**WHAT THE TASK REQUIRES:**
Could you copy exactly the line that contains "using p \<open>u" and every line after it to the end of the records, and nothing more?

○ ○ ○ ○ ○

section \<open>Densities of sums\<close>

lemma distr_density_add:
  fixes h :: "'a::euclidean_space \<Rightarrow> ennreal" and \<phi> :: "'b \<Rightarrow> 'a"
  assumes [measurable]: "h \<in> borel_measurable borel" "\<phi> \<in> borel_measurable M"
    and "sigma_finite_measure M"
  shows "distr (density lborel h \<Otimes>\<^sub>M M) borel (\<lambda>(x, y). x + \<phi> y)
    = density lborel (\<lambda>z. \<integral>\<^sup>+y. h (z - \<phi> y) \<partial>M)"
proof (rule measure_eqI)
  interpret M: sigma_finite_measure M by fact
  interpret pair_sigma_finite lborel M ..
  fix A
  assume "A \<in> sets (distr (density lborel h \<Otimes>\<^sub>M M) borel (\<lambda>(x, y). x + \<phi> y))"
  then have [measurable]: "A \<in> sets borel"
    by simp
  have "emeasure (distr (density lborel h \<Otimes>\<^sub>M M) borel (\<lambda>(x, y). x + \<phi> y)) A
      = (\<integral>\<^sup>+z. indicator A (case z of (x, y) \<Rightarrow> x + \<phi> y) \<partial>(density lborel h \<Otimes>\<^sub>M M))"
    by (simp flip: nn_integral_indicator add: nn_integral_distr del: nn_integral_indicator)
  also have "\<dots> = (\<integral>\<^sup>+x. \<integral>\<^sup>+y. indicator A (x + \<phi> y) \<partial>M \<partial>density lborel h)"
    by (subst M.nn_integral_fst[symmetric]) (auto simp: case_prod_beta')
  also have "\<dots> = (\<integral>\<^sup>+x. \<integral>\<^sup>+y. h x * indicator A (x + \<phi> y) \<partial>M \<partial>lborel)"
    by (simp add: nn_integral_density nn_integral_cmult)
  also have "\<dots> = (\<integral>\<^sup>+y. \<integral>\<^sup>+x. h x * indicator A (x + \<phi> y) \<partial>lborel \<partial>M)"
    by (rule Fubini'[symmetric]) measurable
  also have "\<dots> = (\<integral>\<^sup>+y. \<integral>\<^sup>+z. h (z - \<phi> y) * indicator A z \<partial>lborel \<partial>M)"
  proof (rule nn_integral_cong)
    fix y
    have "(\<lambda>z. h (z - \<phi> y) * indicator A z) \<in> borel_measurable borel"
      by measurable
    from nn_integral_lborel_translate[OF this, of "\<phi> y"]
    show "(\<integral>\<^sup>+x. h x * indicator A (x + \<phi> y) \<partial>lborel) = (\<integral>\<^sup>+z. h (z - \<phi> y) * indicator A z \<partial>lborel)"
      by simp
  qed
  also have "\<dots> = (\<integral>\<^sup>+z. \<integral>\<^sup>+y. h (z - \<phi> y) * indicator A z \<partial>M \<partial>lborel)"
    by (rule Fubini') measurable
  also have "\<dots> = emeasure (density lborel (\<lambda>z. \<integral>\<^sup>+y. h (z - \<phi> y) \<partial>M)) A"
    by (simp add: emeasure_density nn_integral_multc)
  finally show "emeasure (distr (density lborel h \<Otimes>\<^sub>M M) borel (\<lambda>(x, y). x + \<phi> y)) A
      = emeasure (density lborel (\<lambda>z. \<integral>\<^sup>+y. h (z - \<phi> y) \<partial>M)) A" .
qed simp

lemma continuous_on_integral_translate:
  fixes p :: "'a::euclidean_space \<Rightarrow> real"
  assumes p: "continuous_on UNIV p" and p_bounded: "\<And>x. \<bar>p x\<bar> \<le> B"
    and "finite_measure M" and sets_M: "sets M = sets borel"
  shows "continuous_on UNIV (\<lambda>x. LINT y|M. p (x - y))"
proof (intro continuous_at_imp_continuous_on ballI)
  interpret finite_measure M by fact
  have [measurable]: "p \<in> borel_measurable borel"
    using p by (rule borel_measurable_continuous_onI)
  fix x :: 'a
  show "isCont (\<lambda>x. LINT y|M. p (x - y)) x"
    unfolding continuous_at_sequentially comp_def
  proof (intro allI impI)
    fix u :: "nat \<Rightarrow> 'a"
    assume "u \<longlonglongrightarrow> x"
    show "(\<lambda>n. LINT y|M. p (u n - y)) \<longlonglongrightarrow> (LINT y|M. p (x - y))"
    proof (rule integral_dominated_convergence[where w = "\<lambda>_. B"])
      show "AE y in M. (\<lambda>n. p (u n - y)) \<longlonglongrightarrow> p (x - y)"
        using p \<open>u \<longlonglongrightarrow> x\<close>
        by (intro AE_I2 isCont_tendsto_compose[where g = p] tendsto_intros)
           (auto simp: continuous_on_eq_continuous_at)
    qed (use p_bounded in \<open>auto simp: measurable_cong_sets[OF sets_M refl]\<close>)
  qed
qed

lemma continuous_density_add_finite_measure:
  fixes p :: "'a::euclidean_space \<Rightarrow> real"
  assumes p: "continuous_on UNIV p" and p_nonneg: "\<And>x. 0 \<le> p x" and p_le: "\<And>x. p x \<le> B"
    and "finite_measure M" and sets_M: "sets M = sets borel"
  shows "\<exists>q. continuous_on UNIV q \<and> (\<forall>x. 0 \<le> q x)
    \<and> distr (density lborel p \<Otimes>\<^sub>M M) borel (\<lambda>(x, y). x + y) = density lborel (\<lambda>x. ennreal (q x))"
proof (intro exI conjI allI)
  interpret finite_measure M by fact
  have [measurable]: "p \<in> borel_measurable borel"
    using p by (rule borel_measurable_continuous_onI)
  have "\<bar>p x\<bar> \<le> B" for x
    using p_nonneg p_le by simp
  then show "continuous_on UNIV (\<lambda>x. LINT y|M. p (x - y))"
    using continuous_on_integral_translate p \<open>finite_measure M\<close> sets_M by blast
  show "0 \<le> (LINT y|M. p (x - y))" for x
    by (rule integral_nonneg_AE) (simp add: p_nonneg)
  have "integrable M (\<lambda>y. p (x - y))" for x
    using p_nonneg p_le
    by (intro integrable_const_bound[where B = B]) (auto simp: measurable_cong_sets[OF sets_M refl])
  moreover have "sigma_finite_measure M"
    by unfold_locales
  then have "distr (density lborel p \<Otimes>\<^sub>M M) borel (\<lambda>(x, y). x + y)
      = density lborel (\<lambda>x. \<integral>\<^sup>+y. ennreal (p (x - y)) \<partial>M)"
    by (intro distr_density_add) (auto simp: measurable_cong_sets[OF sets_M refl])
  ultimately show "distr (density lborel p \<Otimes>\<^sub>M M) borel (\<lambda>(x, y). x + y)
      = density lborel (\<lambda>x. ennreal (LINT y|M. p (x - y)))"
    using p_nonneg by (simp add: nn_integral_eq_integral)
qed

○ ○ ○ ○ ○

**RESPONSE:**
        using p \<open>u \<longlonglongrightarrow> x\<close>
        by (intro AE_I2 isCont_tendsto_compose[where g = p] tendsto_intros)
           (auto simp: continuous_on_eq_continuous_at)
    qed (use p_bounded in \<open>auto simp: measurable_cong_sets[OF sets_M refl]\<close>)
  qed
qed

lemma continuous_density_add_finite_measure:
  fixes p :: "'a::euclidean_space \<Rightarrow> real"
  assumes p: "continuous_on UNIV p" and p_nonneg: "\<And>x. 0 \<le> p x" and p_le: "\<And>x. p x \<le> B"
    and "finite_measure M" and sets_M: "sets M = sets borel"
  shows "\<exists>q. continuous_on UNIV q \<and> (\<forall>x. 0 \<le> q x)
    \<and> distr (density lborel p \<Otimes>\<^sub>M M) borel (\<lambda>(x, y). x + y) = density lborel (\<lambda>x. ennreal (q x))"
proof (intro exI conjI allI)
  interpret finite_measure M by fact
  have [measurable]: "p \<in> borel_measurable borel"
    using p by (rule borel_measurable_continuous_onI)
  have "\<bar>p x\<bar> \<le> B" for x
    using p_nonneg p_le by simp
  then show "continuous_on UNIV (\<lambda>x. LINT y|M. p (x - y))"
    using continuous_on_integral_translate p \<open>finite_measure M\<close> sets_M by blast
  show "0 \<le> (LINT y|M. p (x - y))" for x
    by (rule integral_nonneg_AE) (simp add: p_nonneg)
  have "integrable M (\<lambda>y. p (x - y))" for x
    using p_nonneg p_le
    by (intro integrable_const_bound[where B = B]) (auto simp: measurable_cong_sets[OF sets_M refl])
  moreover have "sigma_finite_measure M"
    by unfold_locales
  then have "distr (density lborel p \<Otimes>\<^sub>M M) borel (\<lambda>(x, y). x + y)
      = density lborel (\<lambda>x. \<integral>\<^sup>+y. ennreal (p (x - y)) \<partial>M)"
    by (intro distr_density_add) (auto simp: measurable_cong_sets[OF sets_M refl])
  ultimately show "distr (density lborel p \<Otimes>\<^sub>M M) borel (\<lambda>(x, y). x + y)
      = density lborel (\<lambda>x. ennreal (LINT y|M. p (x - y)))"
    using p_nonneg by (simp add: nn_integral_eq_integral)
qed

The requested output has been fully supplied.